Exercise instructions
Scan the data for lines with "simp" and report the count by itself.
|---|
text \<open>Z(lambda_1,...,lambda_L) = <0bar| B(lambda_1) ... B(lambda_L) |0>,
  |0> = e_1^{(x)L}, <0bar| = transpose of e_2^{(x)L}\<close>
definition Zpf :: "nat \<Rightarrow> complex \<Rightarrow> complex \<Rightarrow> (nat \<Rightarrow> complex) \<Rightarrow> (nat \<Rightarrow> complex) \<Rightarrow> complex" where
  "Zpf L \<gamma> h \<mu> lam = Bprod L \<gamma> h \<mu> lam L (restrict (\<lambda>j. 1) {1..L}) (restrict (\<lambda>j. 0) {1..L})"

end

theory Submission
  imports Defs "HOL-Computational_Algebra.Polynomial"
begin

text \<open>Each entry of the factors \<open>R\<^sub>0\<^sub>j(\<lambda> \<mp> \<mu>\<^sub>j)\<close> and \<open>K(\<lambda>)\<close> is a Laurent polynomial in
  \<open>e\<^sup>\<lambda>\<close> of degree 1 on the diagonal of the auxiliary space, but of degree 0 off it, because the
  off-diagonal entries of the R-matrix are the constant \<open>sinh \<gamma>\<close>. Degrees add under products,
  and a product entry that passes through the off-diagonal twice loses two degrees; so every
  entry of \<open>T(\<lambda>)\<close>, a product of \<open>2L + 1\<close> factors, has degree \<open>2L + 1\<close> on the diagonal and
  \<open>2L\<close> off it. As each factor has a definite parity in \<open>e\<^sup>\<lambda>\<close>, \<open>B(\<lambda>)\<close> has the form
  \<open>p(e\<^sup>2\<^sup>\<lambda>) e\<^sup>-\<^sup>2\<^sup>L\<^sup>\<lambda>\<close> with \<open>deg p \<le> 2L\<close>. The partition function is a finite sum of products
  of such functions, one in each \<open>\<lambda>\<^sub>i\<close>, and expanding these products gives the claim.\<close>

text \<open>A Laurent polynomial in \<open>e\<^sup>x\<close> with exponents in \<open>{-N, -N + 2, ..., N}\<close>; for \<open>N < 0\<close>
  only the zero function.\<close>

definition laurent_exp :: "int \<Rightarrow> (complex \<Rightarrow> complex) \<Rightarrow> bool" where
  "laurent_exp N f \<longleftrightarrow> (\<exists>p :: complex poly. (p = 0 \<or> int (degree p) \<le> N) \<and>
     (\<forall>x. f x = poly p (exp x ^ 2) / exp x ^ nat N))"

lemma laurent_exp_zero: "laurent_exp N (\<lambda>_. 0)"
  unfolding laurent_exp_def by (intro exI[of _ 0]) simp

lemma laurent_exp_const: "laurent_exp 0 (\<lambda>_. c)"
  unfolding laurent_exp_def by (intro exI[of _ "[:c:]"]) simp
|---|
Finished exercise
2